- _PROBLEM DESCRIPTION_
Going line by line through the listing, how many lines hold "linarith"? State nothing but the number.

- _PROVIDED INFORMATION_

(* Let $(H,+,\circ)$ be a commutative multiplicative hyperring with identity, let $m\geq 1$, and let $P$ be a proper hyperideal of $H$. If $M_m(P)$ is an sdf-absorbing hyperideal of $M_m(H)$, then $P$ is an sdf-absorbing hyperideal of $H$.
   Context: A commutative multiplicative hyperring $(H,+,\circ)$ consists of an abelian group $(H,+)$ and an associative, commutative hyperoperation $\circ: H\times H\to P^*(H)$ with $x\circ(y+z)\subseteq x\circ y+x\circ z$ and $x\circ(-y)=-(x\circ y)=(-x)\circ y$. For subsets $A,B$, $A\circ B=\bigcup_{a\in A,b\in B}a\circ b$, $A\pm B=\{a\pm b\}$; $x^2=x\circ x$. Identity: $x\in x\circ 1$. A hyperideal is a nonempty $P$ with $x-y\in P$ and $r\circ x\subseteq P$ for $x,y\in P$, $r\in H$. $M_m(H)$ is the multiplicative hyperring of $m\times m$ matrices over $H$ with entrywise addition and hyperproduct $A\circ B=\{C: c_{ij}\in\sum_{k=1}^m a_{ik}\circ b_{kj}\}$; sets of matrices are compared entrywise. $M_m(P)$ is the set of matrices with all entries in $P$. A proper hyperideal $P$ (of $H$, or analogously of $M_m(H)$) is sdf-absorbing if whenever $x,y$ are nonzero elements and $x^2-y^2\subseteq P$, then $x-y\in P$ or $x+y\in P$. *)

theory Defs
  imports Main "HOL-Library.Function_Algebras"
begin

text \<open>A hyperoperation on a type is a function into subsets; the additive
abelian group is the whole type with its ab_group_add structure.
Matrices of size m x m over H are represented as functions 'n => 'n => 'a
for a finite (nonempty) index type 'n with CARD('n) = m.\<close>

definition set_hmul :: "('a \<Rightarrow> 'a \<Rightarrow> 'a set) \<Rightarrow> 'a set \<Rightarrow> 'a set \<Rightarrow> 'a set" where
  "set_hmul mul A B = (\<Union>a\<in>A. \<Union>b\<in>B. mul a b)"

definition set_add :: "'a::ab_group_add set \<Rightarrow> 'a set \<Rightarrow> 'a set" where
  "set_add A B = {a + b | a b. a \<in> A \<and> b \<in> B}"

definition set_diff :: "'a::ab_group_add set \<Rightarrow> 'a set \<Rightarrow> 'a set" where
  "set_diff A B = {a - b | a b. a \<in> A \<and> b \<in> B}"

definition set_neg :: "'a::ab_group_add set \<Rightarrow> 'a set" where
  "set_neg A = {- a | a. a \<in> A}"

definition comm_mult_hyperring :: "('a::ab_group_add \<Rightarrow> 'a \<Rightarrow> 'a set) \<Rightarrow> bool" where
  "comm_mult_hyperring mul \<longleftrightarrow>
     (\<forall>x y. mul x y \<noteq> {}) \<and>
     (\<forall>x y z. set_hmul mul (mul x y) {z} = set_hmul mul {x} (mul y z)) \<and>
     (\<forall>x y. mul x y = mul y x) \<and>
     (\<forall>x y z. mul x (y + z) \<subseteq> set_add (mul x y) (mul x z)) \<and>
     (\<forall>x y. mul x (- y) = set_neg (mul x y) \<and> mul (- x) y = set_neg (mul x y))"

definition hyperring_has_identity :: "('a \<Rightarrow> 'a \<Rightarrow> 'a set) \<Rightarrow> bool" where
  "hyperring_has_identity mul \<longleftrightarrow> (\<exists>e. \<forall>x. x \<in> mul x e)"

definition hyperideal :: "('a::ab_group_add \<Rightarrow> 'a \<Rightarrow> 'a set) \<Rightarrow> 'a set \<Rightarrow> bool" where
  "hyperideal mul P \<longleftrightarrow> P \<noteq> {} \<and> (\<forall>x\<in>P. \<forall>y\<in>P. x - y \<in> P) \<and>
     (\<forall>r. \<forall>x\<in>P. mul r x \<subseteq> P)"

definition sdf_absorbing :: "('a::ab_group_add \<Rightarrow> 'a \<Rightarrow> 'a set) \<Rightarrow> 'a set \<Rightarrow> bool" where
  "sdf_absorbing mul P \<longleftrightarrow> hyperideal mul P \<and> P \<noteq> UNIV \<and>
     (\<forall>x y. x \<noteq> 0 \<longrightarrow> y \<noteq> 0 \<longrightarrow> set_diff (mul x x) (mul y y) \<subseteq> P \<longrightarrow>
        x - y \<in> P \<or> x + y \<in> P)"

definition set_sum :: "('n::finite \<Rightarrow> 'a::ab_group_add set) \<Rightarrow> 'a set" where
  "set_sum S = {\<Sum>k\<in>UNIV. f k | f. \<forall>k. f k \<in> S k}"

definition mat_hmul :: "('a::ab_group_add \<Rightarrow> 'a \<Rightarrow> 'a set) \<Rightarrow>
    ('n::finite \<Rightarrow> 'n \<Rightarrow> 'a) \<Rightarrow> ('n \<Rightarrow> 'n \<Rightarrow> 'a) \<Rightarrow> ('n \<Rightarrow> 'n \<Rightarrow> 'a) set" where
  "mat_hmul mul A B = {C. \<forall>i j. C i j \<in> set_sum (\<lambda>k. mul (A i k) (B k j))}"

definition mat_set :: "'a set \<Rightarrow> ('n::finite \<Rightarrow> 'n \<Rightarrow> 'a) set" where
  "mat_set P = {A. \<forall>i j. A i j \<in> P}"

end

theory Submission
  imports Defs
begin

text \<open>Embed \<open>x, y \<in> H\<close> as the matrices \<open>X, Y\<close> with a single nonzero entry at a
fixed diagonal position \<open>(k, k)\<close>. Modulo \<open>M\<^sub>m(P)\<close>, every element of \<open>X \<circ> X\<close> is concentrated
in the entry \<open>(k, k)\<close>, where it lies in \<open>x\<^sup>2 + P\<close>, since all other summands are hyperproducts with
a zero factor and hence lie in \<open>P\<close>. So \<open>x\<^sup>2 - y\<^sup>2 \<subseteq> P\<close> gives \<open>X\<^sup>2 - Y\<^sup>2 \<subseteq> M\<^sub>m(P)\<close>, and reading off
the \<open>(k, k)\<close> entry of \<open>X \<plusminus> Y \<in> M\<^sub>m(P)\<close> yields \<open>x \<plusminus> y \<in> P\<close>.\<close>

lemma hyperideal_zero: "hyperideal mul P \<Longrightarrow> 0 \<in> P"
  unfolding hyperideal_def by (metis all_not_in_conv diff_self)

lemma hyperideal_diff: "hyperideal mul P \<Longrightarrow> a \<in> P \<Longrightarrow> b \<in> P \<Longrightarrow> a - b \<in> P"
  unfolding hyperideal_def by blast

lemma hyperideal_add:
  assumes "hyperideal mul P" "a \<in> P" "b \<in> P"
  shows "a + b \<in> P"
proof -
  have "0 - b \<in> P"
    using assms hyperideal_zero hyperideal_diff by metis
  then have "a - (0 - b) \<in> P"
    using assms hyperideal_diff by metis
  then show ?thesis by simp
qed

lemma hyperideal_sum:
  assumes "hyperideal mul P" "finite A" "\<And>k. k \<in> A \<Longrightarrow> f k \<in> P"
  shows "sum f A \<in> P"
  using assms(2,3)
  by (induction A rule: finite_induct)
    (auto intro: hyperideal_add[OF assms(1)] hyperideal_zero[OF assms(1)])

lemma hyperideal_hmul_absorbs:
  assumes "comm_mult_hyperring mul" "hyperideal mul P" "x \<in> P \<or> y \<in> P"
  shows "mul x y \<subseteq> P"
  using assms unfolding comm_mult_hyperring_def hyperideal_def by metis

definition mat_single :: "'n \<Rightarrow> 'a::zero \<Rightarrow> 'n \<Rightarrow> 'n \<Rightarrow> 'a" where
  "mat_single k z = (\<lambda>i j. if i = k \<and> j = k then z else 0)"

lemma mat_single_eq_0_iff [simp]: "mat_single k z = 0 \<longleftrightarrow> z = 0"
  by (auto simp: mat_single_def fun_eq_iff)

lemma mat_single_add [simp]:
  "mat_single k x + mat_single k y = mat_single k (x + y :: 'a::monoid_add)"
  by (auto simp: mat_single_def fun_eq_iff)

lemma mat_single_diff [simp]:
  "mat_single k x - mat_single k y = mat_single k (x - y :: 'a::group_add)"
  by (auto simp: mat_single_def fun_eq_iff)

lemma mat_single_in_mat_set_iff: "mat_single k z \<in> mat_set P \<longleftrightarrow> z \<in> P" if "0 \<in> P"
  using that by (auto simp: mat_single_def mat_set_def)

lemma mat_hmul_single_entries:
  fixes k :: "'n::finite"
  assumes cm: "comm_mult_hyperring mul" and hi: "hyperideal mul P"
    and C: "C \<in> mat_hmul mul (mat_single k x) (mat_single k y)"
  shows "C k k \<in> set_add (mul x y) P"
    and "(i, j) \<noteq> (k, k) \<Longrightarrow> C i j \<in> P"
proof -
  have entry: "\<exists>f. (\<forall>l. f l \<in> mul (mat_single k x i l) (mat_single k y l j)) \<and> C i j = sum f UNIV"
    for i j
    using C unfolding mat_hmul_def set_sum_def by blast
  obtain f where f: "\<And>l. f l \<in> mul (mat_single k x k l) (mat_single k y l k)"
    and Cf: "C k k = sum f UNIV"
    using entry by blast
  have "f k \<in> mul x y"
    using f[of k] by (simp add: mat_single_def)
  moreover have "sum f (UNIV - {k}) \<in> P"
  proof (rule hyperideal_sum[OF hi])
    fix l assume "l \<in> UNIV - {k}"
    then show "f l \<in> P"
      using f[of l] hyperideal_hmul_absorbs[OF cm hi] hyperideal_zero[OF hi]
      by (auto simp: mat_single_def)
  qed simp
  moreover have "C k k = f k + sum f (UNIV - {k})"
    using Cf by (simp add: sum.remove)
  ultimately show "C k k \<in> set_add (mul x y) P"
    unfolding set_add_def by blast
  assume ij: "(i, j) \<noteq> (k, k)"
  obtain g where g: "\<And>l. g l \<in> mul (mat_single k x i l) (mat_single k y l j)"
    and Cg: "C i j = sum g UNIV"
    using entry by blast
  have "g l \<in> P" for l
  proof -
    have "mat_single k x i l \<in> P \<or> mat_single k y l j \<in> P"
      using ij hyperideal_zero[OF hi] by (auto simp: mat_single_def)
    then show ?thesis
      using g[of l] hyperideal_hmul_absorbs[OF cm hi] by blast
  qed
  then show "C i j \<in> P"
    using Cg hyperideal_sum[OF hi, of UNIV g] by simp
qed

lemma mat_single_square_diff_subset:
  fixes k :: "'n::finite"
  assumes cm: "comm_mult_hyperring mul" and hi: "hyperideal mul P"
    and xy: "set_diff (mul x x) (mul y y) \<subseteq> P"
  shows "set_diff (mat_hmul mul (mat_single k x) (mat_single k x))
                  (mat_hmul mul (mat_single k y) (mat_single k y)) \<subseteq> mat_set P"
proof
  fix M
  assume "M \<in> set_diff (mat_hmul mul (mat_single k x) (mat_single k x))
                        (mat_hmul mul (mat_single k y) (mat_single k y))"
  then obtain C D where C: "C \<in> mat_hmul mul (mat_single k x) (mat_single k x)"
    and D: "D \<in> mat_hmul mul (mat_single k y) (mat_single k y)" and M: "M = C - D"
    unfolding set_diff_def by blast
  have "M i j \<in> P" for i j
  proof (cases "(i, j) = (k, k)")
    case True
    obtain a p where a: "a \<in> mul x x" "p \<in> P" "C k k = a + p"
      using mat_hmul_single_entries(1)[OF cm hi C] unfolding set_add_def by blast
    obtain b q where b: "b \<in> mul y y" "q \<in> P" "D k k = b + q"
      using mat_hmul_single_entries(1)[OF cm hi D] unfolding set_add_def by blast
    have "a - b \<in> P"
      using xy a b unfolding set_diff_def by blast
    moreover have "p - q \<in> P"
      using a b hyperideal_diff[OF hi] by blast
    moreover have "M i j = (a - b) + (p - q)"
    proof -
      have "M i j = C k k - D k k"
        using True M by simp
      then show ?thesis
        using a b by (simp add: algebra_simps)
    qed
    ultimately show ?thesis
      using hyperideal_add[OF hi] by simp
  next
    case False
    then show ?thesis
      using M mat_hmul_single_entries(2)[OF cm hi C] mat_hmul_single_entries(2)[OF cm hi D]
        hyperideal_diff[OF hi] by simp
  qed
  then show "M \<in> mat_set P"
    unfolding mat_set_def by blast
qed

theorem mainTheorem12:
  fixes mul :: "'a::ab_group_add \<Rightarrow> 'a \<Rightarrow> 'a set"
    and P :: "'a set"
  assumes "comm_mult_hyperring mul"
    and "hyperring_has_identity mul"
    and "hyperideal mul P" and "P \<noteq> UNIV"
    and "sdf_absorbing (mat_hmul mul) (mat_set P :: ('n::finite \<Rightarrow> 'n \<Rightarrow> 'a) set)"
  shows "sdf_absorbing mul P"
proof -
  have "x - y \<in> P \<or> x + y \<in> P"
    if "x \<noteq> 0" "y \<noteq> 0" "set_diff (mul x x) (mul y y) \<subseteq> P" for x y
  proof -
    let ?X = "mat_single (undefined :: 'n) x" and ?Y = "mat_single (undefined :: 'n) y"
    have "set_diff (mat_hmul mul ?X ?X) (mat_hmul mul ?Y ?Y) \<subseteq> mat_set P"
      using mat_single_square_diff_subset assms(1,3) that(3) by blast
    moreover have "?X \<noteq> 0" "?Y \<noteq> 0"
      using that(1,2) by simp_all
    ultimately have "?X - ?Y \<in> mat_set P \<or> ?X + ?Y \<in> mat_set P"
      using assms(5) unfolding sdf_absorbing_def by blast
    then show ?thesis
      by (simp add: mat_single_in_mat_set_iff hyperideal_zero[OF assms(3)])
  qed
  then show ?thesis
    unfolding sdf_absorbing_def using assms(3,4) by blast
qed

end
(* Let $\mathbb{F}$ be a field. Every directed tensor-labeled hypergraph $\mathcal{H}=(Q_0,Q_1,\beta)$ with $\delta(\mathcal{H})\ge1$ satisfies $|Q_1|\ge2$ and $|V_{\mathrm{macro}}|\ge3$.
   Context: $T(\mathbb{F}^{Q_0})=\bigoplus_{k\ge0}(\mathbb{F}^{Q_0})^{\otimes k}$. A directed tensor-labeled hypergraph is $\mathcal{H}=(Q_0,Q_1,\beta)$ ($Q_0,Q_1$ finite) with $\beta:\mathbb{F}^{Q_1}\to T(\mathbb{F}^{Q_0})\times T(\mathbb{F}^{Q_0})$ linear, $\beta(\mathbf{1}_e)=(A_e,B_e)$. $V_{\mathrm{macro}}=\{A_e\}\cup\{B_e\}$ (a set); $B_{\mathrm{macro}}:\mathbb{F}^{Q_1}\to\mathbb{F}^{V_{\mathrm{macro}}}$, $\mathbf{1}_e\mapsto\mathbf{1}_{B_e}-\mathbf{1}_{A_e}$; $\hat\phi:\mathbb{F}^{V_{\mathrm{macro}}}\to T(\mathbb{F}^{Q_0})$, $\mathbf{1}_w\mapsto w$; $\delta(\mathcal{H})=\dim(\mathrm{Im}B_{\mathrm{macro}}\cap\mathrm{Ker}\hat\phi)$. *)

theory Defs
  imports Complex_Main "HOL-Library.Function_Algebras"
begin

text \<open>The tensor algebra T(F^Q0) is modelled as the free associative algebra on Q0:
  an element is a finitely supported function from words (lists) over Q0 to F;
  words of length k span (F^Q0)^{tensor k}.\<close>

definition tensor_elem :: "'v set \<Rightarrow> ('v list \<Rightarrow> 'f::field) \<Rightarrow> bool" where
  "tensor_elem Q0 t \<longleftrightarrow> finite {w. t w \<noteq> 0} \<and> (\<forall>w. t w \<noteq> 0 \<longrightarrow> set w \<subseteq> Q0)"

definition fscale :: "'f::field \<Rightarrow> ('a \<Rightarrow> 'f) \<Rightarrow> ('a \<Rightarrow> 'f)" where
  "fscale c x = (\<lambda>a. c * x a)"

lemma vector_space_fscale: "vector_space (fscale :: 'f::field \<Rightarrow> ('a \<Rightarrow> 'f) \<Rightarrow> _)"
  by (unfold_locales) (simp_all add: fscale_def algebra_simps fun_eq_iff)

text \<open>A directed tensor-labeled hypergraph (Q0,Q1,beta): beta is linear, hence
  determined by beta(1_e) = (A e, B e) for e in Q1.\<close>
definition tl_hypergraph :: "'v set \<Rightarrow> 'e set \<Rightarrow> ('e \<Rightarrow> 'v list \<Rightarrow> 'f::field) \<Rightarrow> ('e \<Rightarrow> 'v list \<Rightarrow> 'f) \<Rightarrow> bool" where
  "tl_hypergraph Q0 Q1 A B \<longleftrightarrow> finite Q0 \<and> finite Q1 \<and>
     (\<forall>e\<in>Q1. tensor_elem Q0 (A e) \<and> tensor_elem Q0 (B e))"

definition V_macro :: "'e set \<Rightarrow> ('e \<Rightarrow> 'v list \<Rightarrow> 'f) \<Rightarrow> ('e \<Rightarrow> 'v list \<Rightarrow> 'f) \<Rightarrow> ('v list \<Rightarrow> 'f) set" where
  "V_macro Q1 A B = A ` Q1 \<union> B ` Q1"

text \<open>B_macro : F^Q1 -> F^V_macro, 1_e |-> 1_{B e} - 1_{A e}, extended linearly.
  Elements of F^Q1 are functions 'e => F (only values on Q1 matter).\<close>
definition B_macro :: "'e set \<Rightarrow> ('e \<Rightarrow> 'v list \<Rightarrow> 'f::field) \<Rightarrow> ('e \<Rightarrow> 'v list \<Rightarrow> 'f)
     \<Rightarrow> ('e \<Rightarrow> 'f) \<Rightarrow> (('v list \<Rightarrow> 'f) \<Rightarrow> 'f)" where
  "B_macro Q1 A B c = (\<lambda>u. \<Sum>e\<in>Q1. c e * ((if u = B e then 1 else 0) - (if u = A e then 1 else 0)))"

definition phi_hat :: "('v list \<Rightarrow> 'f::field) set \<Rightarrow> (('v list \<Rightarrow> 'f) \<Rightarrow> 'f) \<Rightarrow> ('v list \<Rightarrow> 'f)" where
  "phi_hat V x = (\<lambda>u. \<Sum>w\<in>V. x w * w u)"

definition delta :: "'e set \<Rightarrow> ('e \<Rightarrow> 'v list \<Rightarrow> 'f::field) \<Rightarrow> ('e \<Rightarrow> 'v list \<Rightarrow> 'f) \<Rightarrow> nat" where
  "delta Q1 A B = vector_space.dim (fscale :: 'f \<Rightarrow> (('v list \<Rightarrow> 'f) \<Rightarrow> 'f) \<Rightarrow> _)
     ({x. \<exists>c. x = B_macro Q1 A B c} \<inter> {x. phi_hat (V_macro Q1 A B) x = 0})"

end

theory Submission
  imports Defs
begin

text \<open>A nonzero vector \<open>x = B_macro c\<close> of \<open>Im B_macro \<inter> Ker phi_hat\<close> is supported on
  \<open>V_macro\<close>, its entries sum to zero (each column \<open>1_{B e} - 1_{A e}\<close> does), and
  \<open>\<Sum>w. x w \<cdot> w = 0\<close>: a nontrivial affine dependency among the distinct tensors of
  \<open>V_macro\<close>. Two distinct points are affinely independent, so \<open>|V_macro| \<ge> 3\<close>; as every
  edge contributes at most two macro-vertices, \<open>|Q1| \<ge> 2\<close>.\<close>

lemma (in vector_space) ex_nonzero_if_dim_pos:
  assumes "0 < dim S"
  shows "\<exists>x\<in>S. x \<noteq> 0"
proof (rule ccontr)
  assume "\<not> (\<exists>x\<in>S. x \<noteq> 0)"
  then have "S \<subseteq> span {}" by (auto simp: span_empty)
  then have "dim S \<le> 0" using dim_le_card[of S "{}"] by simp
  with assms show False by simp
qed

lemma delta_pos_imp_nonzero_kernel_elem:
  assumes "delta Q1 A B \<ge> 1"
  obtains c where "B_macro Q1 A B c \<noteq> 0" and "phi_hat (V_macro Q1 A B) (B_macro Q1 A B c) = 0"
proof -
  have "\<exists>x \<in> {x. \<exists>c. x = B_macro Q1 A B c} \<inter> {x. phi_hat (V_macro Q1 A B) x = 0}. x \<noteq> 0"
    by (rule vector_space.ex_nonzero_if_dim_pos[OF vector_space_fscale])
      (use assms in \<open>simp add: delta_def\<close>)
  with that show thesis by blast
qed

lemma B_macro_outside_V_macro:
  assumes "u \<notin> V_macro Q1 A B"
  shows "B_macro Q1 A B c u = 0"
  using assms unfolding V_macro_def B_macro_def by (intro sum.neutral ballI) auto

lemma ex_V_macro_nonzero_B_macro:
  assumes "B_macro Q1 A B c \<noteq> 0"
  obtains w where "w \<in> V_macro Q1 A B" and "B_macro Q1 A B c w \<noteq> 0"
  using assms B_macro_outside_V_macro by (metis ext zero_fun_def)

lemma sum_B_macro_V_macro:
  assumes "finite Q1"
  shows "sum (B_macro Q1 A B c) (V_macro Q1 A B) = 0"
proof -
  let ?V = "V_macro Q1 A B"
  have fin: "finite ?V" using assms unfolding V_macro_def by simp
  have mem: "A e \<in> ?V" "B e \<in> ?V" if "e \<in> Q1" for e
    using that unfolding V_macro_def by auto
  have "sum (B_macro Q1 A B c) ?V
      = (\<Sum>e\<in>Q1. c e * ((\<Sum>u\<in>?V. if u = B e then 1 else 0) - (\<Sum>u\<in>?V. if u = A e then 1 else 0)))"
    unfolding B_macro_def
    by (subst sum.swap) (simp only: sum_distrib_left right_diff_distrib sum_subtractf)
  also have "\<dots> = 0"
    by (intro sum.neutral ballI) (simp add: fin mem)
  finally show ?thesis .
qed

lemma card_ge_3_if_affine_dependent:
  fixes V :: "('a list \<Rightarrow> 'f::field) set"
  assumes "finite V" and "w \<in> V" and "x w \<noteq> 0"
    and "sum x V = 0" and "phi_hat V x = 0"
  shows "3 \<le> card V"
proof (rule ccontr)
  assume "\<not> 3 \<le> card V"
  moreover have "card V \<noteq> 0" using assms(1,2) by auto
  ultimately consider "card V = 1" | "card V = 2" by linarith
  then show False
  proof cases
    case 1
    then obtain a where "V = {a}" by (auto simp: card_1_singleton_iff)
    with assms(2-4) show False by simp
  next
    case 2
    then obtain a b where V: "V = {a, b}" and "a \<noteq> b" by (auto simp: card_2_iff)
    then obtain u where u: "a u \<noteq> b u" by (auto simp: fun_eq_iff)
    have xb: "x b = - x a" using assms(4) V \<open>a \<noteq> b\<close> by (simp add: eq_neg_iff_add_eq_0 add.commute)
    have "x a * a u + x b * b u = 0"
      using fun_cong[OF assms(5), of u] V \<open>a \<noteq> b\<close> by (simp add: phi_hat_def)
    then have "x a * (a u - b u) = 0" using xb by (simp add: algebra_simps)
    then have "x a = 0" using u by simp
    with xb assms(2,3) V show False by auto
  qed
qed

lemma card_V_macro_le:
  assumes "finite Q1"
  shows "card (V_macro Q1 A B) \<le> 2 * card Q1"
proof -
  have "card (V_macro Q1 A B) \<le> card (A ` Q1) + card (B ` Q1)"
    unfolding V_macro_def by (rule card_Un_le)
  also have "\<dots> \<le> 2 * card Q1"
    using card_image_le[OF assms, of A] card_image_le[OF assms, of B] by linarith
  finally show ?thesis .
qed

theorem proposition4p9:
  fixes Q0 :: "'v set" and Q1 :: "'e set"
    and A B :: "'e \<Rightarrow> 'v list \<Rightarrow> 'f::field"
  assumes "tl_hypergraph Q0 Q1 A B"
    and "delta Q1 A B \<ge> 1"
  shows "card Q1 \<ge> 2 \<and> card (V_macro Q1 A B) \<ge> 3"
proof -
  have fin: "finite Q1" using assms(1) unfolding tl_hypergraph_def by simp
  then have fin_V: "finite (V_macro Q1 A B)" unfolding V_macro_def by simp
  obtain c where nonzero: "B_macro Q1 A B c \<noteq> 0"
    and kernel: "phi_hat (V_macro Q1 A B) (B_macro Q1 A B c) = 0"
    using delta_pos_imp_nonzero_kernel_elem[OF assms(2)] .
  obtain w where "w \<in> V_macro Q1 A B" and "B_macro Q1 A B c w \<noteq> 0"
    using ex_V_macro_nonzero_B_macro[OF nonzero] .
  then have V3: "3 \<le> card (V_macro Q1 A B)"
    using card_ge_3_if_affine_dependent[OF fin_V _ _ sum_B_macro_V_macro[OF fin] kernel] by blast
  with card_V_macro_le[OF fin, of A B] have "2 \<le> card Q1" by linarith
  with V3 show ?thesis by simp
qed

end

- _SOLUTION TO THIS TASK_
3